● **Directions**
Output exactly the lines between the one holding "- (s\<^sup>2 *" and the last line of the data below, both of those lines included.

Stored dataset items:
%%

(* Let $\bm{H}$ be a random matrix with values in $\mathbb{C}^{N_R\times N_T}$ (flat-fading MIMO channel), let $\lambda_{\max}$ be the maximum eigenvalue of $\bm{H}\bm{H}^\ast$, and let $W>0$, $\rho>0$ be constants. Consider the capacity with full channel side information $$c=W\max_{\bm{R}\succeq 0,\ \operatorname{Tr}[\bm{R}]=N_T}\log_2\det\Big(\bm{I}_{N_R}+\frac{\rho}{N_T}\bm{H}\bm{R}\bm{H}^\ast\Big),$$ where the maximum is over Hermitian positive semidefinite $\bm{R}\in\mathbb{C}^{N_T\times N_T}$, and the capacity with channel side information only at the receiver $$c=W\log_2\det\Big(\bm{I}_{N_R}+\frac{\rho}{N_T}\bm{H}\bm{H}^\ast\Big).$$ If $\mathbb{E}[(1+\lambda_{\max})^\theta]<\infty$ for some $\theta>0$, then the distribution of the capacity (in either case) is light-tailed.
   Context: A nonnegative random variable $X$ is light-tailed if $\Pr(X>x)=O(e^{-\theta x})$ for some $\theta>0$, equivalently $\mathbb{E}[e^{\theta X}]<\infty$ for some $\theta>0$. Here $W$ is the bandwidth and $\rho=P/(N_0W)$ with $P$ the total average transmit power and $N_0$ the noise power spectral density. *)

theory Defs
  imports "HOL-Probability.Probability" "HOL-Library.Landau_Symbols"
begin

definition conj_tr :: "complex^'n^'m \<Rightarrow> complex^'m^'n" where
  "conj_tr A = (\<chi> i j. cnj (A $ j $ i))"

definition herm_psd :: "complex^'n^'n \<Rightarrow> bool" where
  "herm_psd R \<longleftrightarrow> conj_tr R = R \<and>
     (\<forall>x::complex^'n. 0 \<le> Re (\<Sum>i\<in>UNIV. \<Sum>j\<in>UNIV. cnj (x $ i) * R $ i $ j * x $ j))"

definition lambda_max :: "complex^'t^'r \<Rightarrow> real" where
  "lambda_max H = Max {l::real. \<exists>v::complex^'r. v \<noteq> 0 \<and>
      (H ** conj_tr H) *v v = complex_of_real l *s v}"

definition cap_full :: "real \<Rightarrow> real \<Rightarrow> complex^'t^'r \<Rightarrow> real" where
  "cap_full W \<rho> H = W * (SUP R \<in> {R::complex^'t^'t. herm_psd R \<and> trace R = of_nat CARD('t)}.
      log 2 (Re (det (mat 1 + (\<rho> / real CARD('t)) *\<^sub>R (H ** R ** conj_tr H)))))"

definition cap_rx :: "real \<Rightarrow> real \<Rightarrow> complex^'t^'r \<Rightarrow> real" where
  "cap_rx W \<rho> H = W *
      log 2 (Re (det (mat 1 + (\<rho> / real CARD('t)) *\<^sub>R (H ** conj_tr H))))"

definition light_tailed :: "'a measure \<Rightarrow> ('a \<Rightarrow> real) \<Rightarrow> bool" where
  "light_tailed M X \<longleftrightarrow> (\<exists>\<theta>>0. (\<lambda>x. measure M {\<omega>\<in>space M. X \<omega> > x}) \<in> O[at_top](\<lambda>x. exp (- \<theta> * x)))"

end

theory Submission
  imports Defs
begin

text \<open>
  Both capacities are bounded, uniformly in the input covariance \<open>R\<close>, by
  \<open>a + b ln (1 + \<lambda>\<^sub>m\<^sub>a\<^sub>x)\<close>. Indeed \<open>\<bar>H\<^sub>i\<^sub>k\<bar>\<^sup>2 \<le> \<lambda>\<^sub>m\<^sub>a\<^sub>x\<close> by the Rayleigh principle, and a
  positive semidefinite \<open>R\<close> with trace \<open>N\<^sub>T\<close> has entries of modulus at most \<open>2N\<^sub>T\<close>; so every
  entry of \<open>I + (\<rho>/N\<^sub>T) H R H\<^sup>*\<close> is \<open>O((1 + \<lambda>\<^sub>m\<^sub>a\<^sub>x)\<^sup>2)\<close>, and expanding the determinant over
  permutations gives \<open>\<bar>det\<bar> \<le> C (1 + \<lambda>\<^sub>m\<^sub>a\<^sub>x)\<^bsup>2N\<^sub>R\<^esup>\<close>. The Markov inequality for \<open>(1 + \<lambda>\<^sub>m\<^sub>a\<^sub>x)\<^sup>\<theta>\<close> then gives
  \<open>P(c > x) \<le> E[(1 + \<lambda>\<^sub>m\<^sub>a\<^sub>x)\<^sup>\<theta>] e\<^bsup>\<theta>a/b\<^esup> e\<^bsup>-\<theta>x/b\<^esup>\<close>.
\<close>

lemma hermitian_entry_cnj:
  fixes A :: "complex^'n^'n"
  assumes "conj_tr A = A"
  shows "cnj (A$j$i) = A$i$j"
  using arg_cong[where f = "\<lambda>B. B$i$j", OF assms] by (simp add: conj_tr_def)

lemma inner_matrix_vector_mult_eq_form:
  fixes A :: "complex^'n^'m"
  shows "inner x (A *v y) = Re (\<Sum>i\<in>UNIV. \<Sum>j\<in>UNIV. cnj (x$i) * A$i$j * y$j)"
proof -
  have inner_complex: "inner a b = Re (cnj a * b)" for a b :: complex
    by (simp add: inner_complex_def)
  show ?thesis
    unfolding inner_vec_def matrix_vector_mult_def inner_complex Re_sum
    by (simp add: sum_distrib_left mult.assoc Re_sum)
qed

lemma hermitian_inner_matrix_vector_mult_commute:
  fixes A :: "complex^'n^'n"
  assumes "conj_tr A = A"
  shows "inner x (A *v y) = inner y (A *v x)"
proof -
  have "inner x (A *v y) = Re (\<Sum>i\<in>UNIV. \<Sum>j\<in>UNIV. cnj (x$i) * A$i$j * y$j)"
    by (rule inner_matrix_vector_mult_eq_form)
  also have "\<dots> = Re (cnj (\<Sum>j\<in>UNIV. \<Sum>i\<in>UNIV. cnj (y$j) * A$j$i * x$i))"
    by (subst sum.swap) (simp add: cnj_sum hermitian_entry_cnj[OF assms] mult_ac)
  also have "\<dots> = inner y (A *v x)"
    by (simp only: cnj.sel(1) inner_matrix_vector_mult_eq_form)
  finally show ?thesis .
qed

lemma self_adjoint_nonneg_form_null_imp_zero:
  fixes f :: "'a::real_inner \<Rightarrow> 'a"
  assumes lin: "linear f"
    and sym: "\<And>x y. inner x (f y) = inner y (f x)"
    and nonneg: "\<And>x. 0 \<le> inner x (f x)"
    and null: "inner v (f v) = 0"
  shows "f v = 0"
proof -
  define s where "s = inner (f v) (f v)"
  define c where "c = inner (f v) (f (f v))"
  have c0: "0 \<le> c" unfolding c_def by (rule nonneg)
  have along_line: "0 \<le> 2 * t * s + t\<^sup>2 * c" for t
  proof -
    have "0 \<le> inner (v + t *\<^sub>R f v) (f (v + t *\<^sub>R f v))" by (rule nonneg)
    also have "\<dots> = 2 * t * s + t\<^sup>2 * c"
      using null sym[of v "f v"]
      by (simp add: linear_add[OF lin] linear_scale[OF lin] inner_add_left inner_add_right
          s_def c_def power2_eq_square algebra_simps)
    finally show ?thesis .
  qed
  have "2 * (- s / (c + 1)) * s + (- s / (c + 1))\<^sup>2 * c
      = - (s\<^sup>2 * (c + 2)) / (c + 1)\<^sup>2"
    using c0 by (simp add: divide_simps power2_eq_square) (simp add: algebra_simps)
  then have "s\<^sup>2 * (c + 2) \<le> 0"
    using along_line[of "- s / (c + 1)"] c0 by (simp add: divide_le_0_iff)
  then have "s = 0" using c0 by (simp add: mult_le_0_iff)
  then show ?thesis unfolding s_def by simp
qed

%%

● **The completed task**
      = - (s\<^sup>2 * (c + 2)) / (c + 1)\<^sup>2"
    using c0 by (simp add: divide_simps power2_eq_square) (simp add: algebra_simps)
  then have "s\<^sup>2 * (c + 2) \<le> 0"
    using along_line[of "- s / (c + 1)"] c0 by (simp add: divide_le_0_iff)
  then have "s = 0" using c0 by (simp add: mult_le_0_iff)
  then show ?thesis unfolding s_def by simp
qed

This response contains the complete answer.